Well, during one of the Partnership’s meetings, somebody was asking me about Baltimore. I was doing my Baltimore booster thing, saying what a great city it is, how quirky and authentic it is. It has all these amenities, is racially diverse, and a friendly town. I summed up by saying that Baltimore was a great place to live. Tony turned to me and asked, "For whom?"
Of course I know he's right, but that question knocked me off my feet. The people who want to see the city flourish are often not asking the question "For whom?"
The city that invented redlining must become the city on a hill, the place that shows the world that inclusive revitalization is possible and that the benefits of revitalization can flow to everyone. If we're not vigilant about that goal 24/7, it's not going to happen.

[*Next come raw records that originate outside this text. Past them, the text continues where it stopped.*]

(* Let $\Omega\subset\mathbb{R}^n$ be a bounded Lipschitz domain, $T>0$, $\Omega_T=(0,T]\times\Omega$, $W$ a Hilbert space of measurable functions on $\Omega_T$ continuously embedded in $L^2(0,T;L^2(\Omega))$, $y_0\in L^2(\Omega)$, and $S:L^2(0,T;\mathbb{R}^2)\to W$ a continuous affine map with $\|S(u)\|_W\le C(\|u\|_{L^2(0,T;\mathbb{R}^2)}+\|y_0\|_{L^2(\Omega)})$ for a constant $C$ independent of $u,y_0$; let $S_0$ be its linear part (the map $S$ with $y_0=0$) and $\|S_0\|$ its operator norm from $L^2(0,T;\mathbb{R}^2)$ to $L^2(0,T;L^2(\omega_{\mathrm{obs}}))$, where $\omega_{\mathrm{obs}}\subset\Omega$. Let $y^d\in L^2(0,T;L^2(\omega_{\mathrm{obs}}))$, $\alpha>0$, and let $\mathcal{U}$ be the space of $\mathbb{R}^2$-valued functions on $[0,T]$ that are piecewise constant on a given grid $0=t_1<\dots<t_M=T$. Let $\beta>\|S_0\|^2+\alpha$ and let $\bar u\in\mathcal{U}$ be a local minimizer over $\mathcal{U}$ of $$J_\beta(u)=\frac12\|Su-y^d\|^2_{L^2(0,T;L^2(\omega_{\mathrm{obs}}))}+\frac\alpha2\|u\|^2_{L^2(0,T;\mathbb{R}^2)}+\beta\int_0^T|u_1(t)u_2(t)|\,dt.$$ Then $\bar u_1(t)\bar u_2(t)=0$ for all $t\in[0,T]$.
   Context: $Su=S(u)$ is the state for control $u=(u_1,u_2)$, restricted to $(0,T)\times\omega_{\mathrm{obs}}$ in the tracking term. Piecewise constant means constant on each interval $(t_j,t_{j+1}]$. *)

theory Defs
  imports "HOL-Analysis.Analysis"
begin

definition L2ctrl :: "real \<Rightarrow> (real \<Rightarrow> real \<times> real) set" where
  "L2ctrl T = {u. u \<in> borel_measurable lborel \<and>
                  set_integrable lborel {0..T} (\<lambda>t. (norm (u t))\<^sup>2)}"

definition ctrl_norm :: "real \<Rightarrow> (real \<Rightarrow> real \<times> real) \<Rightarrow> real" where
  "ctrl_norm T u = sqrt (LINT t:{0..T}|lborel. (norm (u t))\<^sup>2)"

definition obs_set :: "real \<Rightarrow> (real^'n::finite) set \<Rightarrow> (real \<times> (real^'n)) set" where
  "obs_set T \<omega> = {0<..<T} \<times> \<omega>"

definition L2obs :: "real \<Rightarrow> (real^'n::finite) set \<Rightarrow> (real \<times> (real^'n) \<Rightarrow> real) set" where
  "L2obs T \<omega> = {y. y \<in> borel_measurable lborel \<and>
                    set_integrable lborel (obs_set T \<omega>) (\<lambda>z. (y z)\<^sup>2)}"

definition obs_norm :: "real \<Rightarrow> (real^'n::finite) set \<Rightarrow> (real \<times> (real^'n) \<Rightarrow> real) \<Rightarrow> real" where
  "obs_norm T \<omega> y = sqrt (LINT z:obs_set T \<omega>|lborel. (y z)\<^sup>2)"

definition lin_part :: "((real \<Rightarrow> real \<times> real) \<Rightarrow> (real \<times> (real^'n::finite) \<Rightarrow> real))
     \<Rightarrow> (real \<Rightarrow> real \<times> real) \<Rightarrow> (real \<times> (real^'n) \<Rightarrow> real)" where
  "lin_part S u = (\<lambda>z. S u z - S (\<lambda>_. 0) z)"

definition op_norm :: "real \<Rightarrow> (real^'n::finite) set
     \<Rightarrow> ((real \<Rightarrow> real \<times> real) \<Rightarrow> (real \<times> (real^'n) \<Rightarrow> real)) \<Rightarrow> real" where
  "op_norm T \<omega> S0 = Sup {obs_norm T \<omega> (S0 u) / ctrl_norm T u | u. u \<in> L2ctrl T \<and> ctrl_norm T u \<noteq> 0}"

definition pwc :: "(nat \<Rightarrow> real) \<Rightarrow> nat \<Rightarrow> (real \<Rightarrow> real \<times> real) set" where
  "pwc tg M = {u. \<exists>c :: nat \<Rightarrow> real \<times> real.
      u = (\<lambda>t. \<Sum>j\<in>{1..<M}. indicator {tg j<..tg (Suc j)} t *\<^sub>R c j)}"

definition J_beta :: "real \<Rightarrow> (real^'n::finite) set
     \<Rightarrow> ((real \<Rightarrow> real \<times> real) \<Rightarrow> (real \<times> (real^'n) \<Rightarrow> real)) \<Rightarrow> (real \<times> (real^'n) \<Rightarrow> real)
     \<Rightarrow> real \<Rightarrow> real \<Rightarrow> (real \<Rightarrow> real \<times> real) \<Rightarrow> real" where
  "J_beta T \<omega> S yd \<alpha> \<beta> u =
     1/2 * (obs_norm T \<omega> (\<lambda>z. S u z - yd z))\<^sup>2
     + \<alpha>/2 * (ctrl_norm T u)\<^sup>2
     + \<beta> * (LINT t:{0..T}|lborel. \<bar>fst (u t) * snd (u t)\<bar>)"

definition local_min_on :: "real \<Rightarrow> ((real \<Rightarrow> real \<times> real) \<Rightarrow> real) \<Rightarrow> (real \<Rightarrow> real \<times> real) set
     \<Rightarrow> (real \<Rightarrow> real \<times> real) \<Rightarrow> bool" where
  "local_min_on T F A x \<longleftrightarrow> x \<in> A \<and>
     (\<exists>\<epsilon>>0. \<forall>u\<in>A. ctrl_norm T (\<lambda>t. u t - x t) < \<epsilon> \<longrightarrow> F x \<le> F u)"

end

theory Submission
  imports Defs
begin

text \<open>If \<open>ubar t\<close> has two nonzero components, then \<open>ubar = (a, b)\<close> with \<open>a b \<noteq> 0\<close> on a whole grid
  cell. Perturb \<open>ubar\<close> by \<open>\<plusminus>s w\<close>, where \<open>w\<close> is the indicator of that cell times \<open>(1, - sgn (a b))\<close>.
  The quadratic part of \<open>J\<^sub>\<beta>\<close> obeys the parallelogram law, so averaged over the two perturbations it
  grows by \<open>s\<^sup>2 (\<parallel>S\<^sub>0 w\<parallel>\<^sup>2 + \<alpha> \<parallel>w\<parallel>\<^sup>2) \<le> s\<^sup>2 (\<parallel>S\<^sub>0\<parallel>\<^sup>2 + \<alpha>) \<parallel>w\<parallel>\<^sup>2\<close>, whereas for
  \<open>s < min \<bar>a\<bar> \<bar>b\<bar>\<close> the products keep their signs and the penalty drops on average by exactly
  \<open>\<beta> s\<^sup>2 \<parallel>w\<parallel>\<^sup>2\<close>. As \<open>\<beta> > \<parallel>S\<^sub>0\<parallel>\<^sup>2 + \<alpha>\<close>, one of the two perturbations lowers \<open>J\<^sub>\<beta>\<close>.\<close>

abbreviation grid_cell :: "(nat \<Rightarrow> real) \<Rightarrow> nat \<Rightarrow> real set" where
  "grid_cell tg j \<equiv> {tg j<..tg (Suc j)}"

Now, will Baltimore become Brooklyn? Well, 20 years ago, no one thought Brooklyn would become Brooklyn. It's possible. We're 38 miles from one of the most expensive housing markets in the country, and we have all these amenities.
We don't need to follow the template of every other city. We need to craft our own template, acknowledge our legacy of segregation, and create new forms of social cohesion across diverse population groups.
That can create the kind of opportunities that would make our young people want to stay in Baltimore and view the city as a place where they can become who they dream of being.